** Raw data follows **

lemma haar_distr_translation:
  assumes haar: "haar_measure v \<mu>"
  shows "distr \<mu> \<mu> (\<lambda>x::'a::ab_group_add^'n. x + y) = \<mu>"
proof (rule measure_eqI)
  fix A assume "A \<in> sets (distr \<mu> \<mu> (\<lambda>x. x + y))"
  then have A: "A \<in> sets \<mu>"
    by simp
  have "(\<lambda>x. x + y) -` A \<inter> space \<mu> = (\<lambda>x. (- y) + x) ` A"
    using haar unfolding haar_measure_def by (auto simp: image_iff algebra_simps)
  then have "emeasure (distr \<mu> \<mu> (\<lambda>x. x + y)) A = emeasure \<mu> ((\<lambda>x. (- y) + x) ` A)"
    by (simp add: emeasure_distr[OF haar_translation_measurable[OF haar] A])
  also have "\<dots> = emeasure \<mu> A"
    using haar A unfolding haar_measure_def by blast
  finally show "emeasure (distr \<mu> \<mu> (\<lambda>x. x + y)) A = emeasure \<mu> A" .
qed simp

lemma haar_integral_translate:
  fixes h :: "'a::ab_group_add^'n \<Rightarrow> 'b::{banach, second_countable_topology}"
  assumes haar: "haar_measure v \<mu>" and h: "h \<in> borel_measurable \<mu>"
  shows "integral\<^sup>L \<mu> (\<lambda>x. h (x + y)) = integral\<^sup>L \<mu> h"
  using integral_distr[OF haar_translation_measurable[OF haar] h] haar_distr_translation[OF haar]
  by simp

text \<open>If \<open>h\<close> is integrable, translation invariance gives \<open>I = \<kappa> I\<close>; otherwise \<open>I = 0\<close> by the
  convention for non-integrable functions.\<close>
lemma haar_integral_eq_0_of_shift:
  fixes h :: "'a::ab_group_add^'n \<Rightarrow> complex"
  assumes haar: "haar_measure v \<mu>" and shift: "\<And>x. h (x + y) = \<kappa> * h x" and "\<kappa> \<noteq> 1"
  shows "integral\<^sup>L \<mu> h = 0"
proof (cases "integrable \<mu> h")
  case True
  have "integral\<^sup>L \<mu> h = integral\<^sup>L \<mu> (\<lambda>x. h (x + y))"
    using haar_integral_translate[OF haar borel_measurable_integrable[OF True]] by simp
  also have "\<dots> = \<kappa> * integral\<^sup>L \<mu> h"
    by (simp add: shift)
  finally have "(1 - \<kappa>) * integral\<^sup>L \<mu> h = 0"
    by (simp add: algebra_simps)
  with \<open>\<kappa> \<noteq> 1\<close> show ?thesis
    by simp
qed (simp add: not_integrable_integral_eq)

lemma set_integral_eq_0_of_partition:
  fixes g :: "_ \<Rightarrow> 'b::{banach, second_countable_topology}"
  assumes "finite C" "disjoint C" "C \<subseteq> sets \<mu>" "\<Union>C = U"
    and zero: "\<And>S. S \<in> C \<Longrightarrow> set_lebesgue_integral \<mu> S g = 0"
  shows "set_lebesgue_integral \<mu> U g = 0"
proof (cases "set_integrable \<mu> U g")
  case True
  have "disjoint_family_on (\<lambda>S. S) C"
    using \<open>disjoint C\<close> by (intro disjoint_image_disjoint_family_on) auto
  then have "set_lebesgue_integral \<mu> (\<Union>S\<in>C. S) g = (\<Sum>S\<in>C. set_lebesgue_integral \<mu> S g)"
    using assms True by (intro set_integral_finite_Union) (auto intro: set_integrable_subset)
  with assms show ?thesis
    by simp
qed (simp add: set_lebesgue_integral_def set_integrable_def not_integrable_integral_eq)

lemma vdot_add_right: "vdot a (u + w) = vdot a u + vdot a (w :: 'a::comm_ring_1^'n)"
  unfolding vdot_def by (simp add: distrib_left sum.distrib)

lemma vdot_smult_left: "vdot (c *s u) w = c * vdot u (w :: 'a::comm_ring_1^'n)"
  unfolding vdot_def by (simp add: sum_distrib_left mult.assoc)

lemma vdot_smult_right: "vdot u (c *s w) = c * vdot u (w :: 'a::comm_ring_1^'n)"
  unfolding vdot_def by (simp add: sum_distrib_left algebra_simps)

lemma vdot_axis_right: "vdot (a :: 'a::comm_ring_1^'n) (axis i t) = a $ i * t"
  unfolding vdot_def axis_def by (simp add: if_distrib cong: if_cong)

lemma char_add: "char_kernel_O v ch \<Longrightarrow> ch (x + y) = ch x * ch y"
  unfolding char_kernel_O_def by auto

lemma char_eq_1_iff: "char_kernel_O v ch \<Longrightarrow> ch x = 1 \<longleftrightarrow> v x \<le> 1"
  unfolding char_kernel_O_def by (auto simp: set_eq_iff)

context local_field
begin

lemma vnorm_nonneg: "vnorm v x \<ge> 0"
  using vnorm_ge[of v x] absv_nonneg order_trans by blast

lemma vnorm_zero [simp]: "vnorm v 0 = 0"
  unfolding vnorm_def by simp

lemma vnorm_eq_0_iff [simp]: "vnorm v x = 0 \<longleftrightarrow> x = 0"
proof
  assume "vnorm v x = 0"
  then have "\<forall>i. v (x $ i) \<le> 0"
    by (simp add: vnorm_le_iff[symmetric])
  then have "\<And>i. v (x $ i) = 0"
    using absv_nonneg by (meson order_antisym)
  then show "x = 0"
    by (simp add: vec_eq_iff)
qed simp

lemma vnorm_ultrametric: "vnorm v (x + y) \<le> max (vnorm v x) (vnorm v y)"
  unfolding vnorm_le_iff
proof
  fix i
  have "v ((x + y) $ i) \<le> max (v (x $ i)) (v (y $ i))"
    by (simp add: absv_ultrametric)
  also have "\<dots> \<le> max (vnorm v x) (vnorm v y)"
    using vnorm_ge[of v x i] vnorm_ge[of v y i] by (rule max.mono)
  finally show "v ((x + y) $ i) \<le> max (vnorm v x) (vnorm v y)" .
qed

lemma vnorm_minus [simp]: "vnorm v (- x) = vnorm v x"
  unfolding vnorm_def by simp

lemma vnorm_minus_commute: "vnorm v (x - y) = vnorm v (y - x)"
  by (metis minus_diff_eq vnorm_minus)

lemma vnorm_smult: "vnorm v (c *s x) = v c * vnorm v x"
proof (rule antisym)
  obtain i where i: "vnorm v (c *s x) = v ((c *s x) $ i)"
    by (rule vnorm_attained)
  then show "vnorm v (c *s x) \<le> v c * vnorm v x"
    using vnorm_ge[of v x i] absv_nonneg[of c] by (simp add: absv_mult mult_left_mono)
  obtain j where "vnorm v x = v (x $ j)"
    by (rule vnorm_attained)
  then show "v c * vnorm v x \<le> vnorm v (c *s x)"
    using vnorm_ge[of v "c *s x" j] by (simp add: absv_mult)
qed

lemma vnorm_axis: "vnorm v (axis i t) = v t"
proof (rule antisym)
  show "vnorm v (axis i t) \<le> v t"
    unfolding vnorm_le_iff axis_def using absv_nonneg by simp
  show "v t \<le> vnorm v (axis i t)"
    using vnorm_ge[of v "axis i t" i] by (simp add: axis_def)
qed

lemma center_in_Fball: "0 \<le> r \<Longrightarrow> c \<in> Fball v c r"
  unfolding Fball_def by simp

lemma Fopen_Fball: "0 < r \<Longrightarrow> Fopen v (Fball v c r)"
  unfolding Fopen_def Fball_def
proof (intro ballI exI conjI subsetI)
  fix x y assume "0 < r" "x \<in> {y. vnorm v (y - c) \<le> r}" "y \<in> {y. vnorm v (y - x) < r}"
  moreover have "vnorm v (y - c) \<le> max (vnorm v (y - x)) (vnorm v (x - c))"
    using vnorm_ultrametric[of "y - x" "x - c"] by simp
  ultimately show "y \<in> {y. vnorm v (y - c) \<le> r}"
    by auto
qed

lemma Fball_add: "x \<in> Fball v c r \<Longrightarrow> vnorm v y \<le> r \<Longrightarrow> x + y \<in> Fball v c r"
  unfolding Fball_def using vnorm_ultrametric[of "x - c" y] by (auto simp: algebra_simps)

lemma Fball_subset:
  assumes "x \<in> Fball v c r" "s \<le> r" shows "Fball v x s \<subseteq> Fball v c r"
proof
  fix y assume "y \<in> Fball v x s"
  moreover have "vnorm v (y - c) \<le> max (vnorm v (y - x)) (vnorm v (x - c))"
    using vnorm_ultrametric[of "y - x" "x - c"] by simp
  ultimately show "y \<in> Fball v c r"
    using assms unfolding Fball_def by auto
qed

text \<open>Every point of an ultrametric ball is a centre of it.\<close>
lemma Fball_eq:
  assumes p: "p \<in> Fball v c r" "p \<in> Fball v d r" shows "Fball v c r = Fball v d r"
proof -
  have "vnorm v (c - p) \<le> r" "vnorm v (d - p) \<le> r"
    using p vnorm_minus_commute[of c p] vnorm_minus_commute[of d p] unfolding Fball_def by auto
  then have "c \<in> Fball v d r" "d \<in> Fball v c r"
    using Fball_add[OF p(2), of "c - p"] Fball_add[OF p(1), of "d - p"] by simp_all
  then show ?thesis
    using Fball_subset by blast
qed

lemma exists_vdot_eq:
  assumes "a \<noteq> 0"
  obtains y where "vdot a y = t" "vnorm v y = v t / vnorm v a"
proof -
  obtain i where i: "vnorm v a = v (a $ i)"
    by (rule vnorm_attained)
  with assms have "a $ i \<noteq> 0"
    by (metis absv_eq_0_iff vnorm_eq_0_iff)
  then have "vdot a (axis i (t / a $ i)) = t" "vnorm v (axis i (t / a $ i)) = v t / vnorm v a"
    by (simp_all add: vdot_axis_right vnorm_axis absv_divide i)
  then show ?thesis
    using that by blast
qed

** End of Raw data **

▶ _What you have to do_:
Please print the lines from the one containing "by (metis absv_eq_0_iff vnorm_eq_0_iff)" through the last line of the material, exactly, and leave out all other lines.

▶ _Answer section_:
    by (metis absv_eq_0_iff vnorm_eq_0_iff)
  then have "vdot a (axis i (t / a $ i)) = t" "vnorm v (axis i (t / a $ i)) = v t / vnorm v a"
    by (simp_all add: vdot_axis_right vnorm_axis absv_divide i)
  then show ?thesis
    using that by blast
qed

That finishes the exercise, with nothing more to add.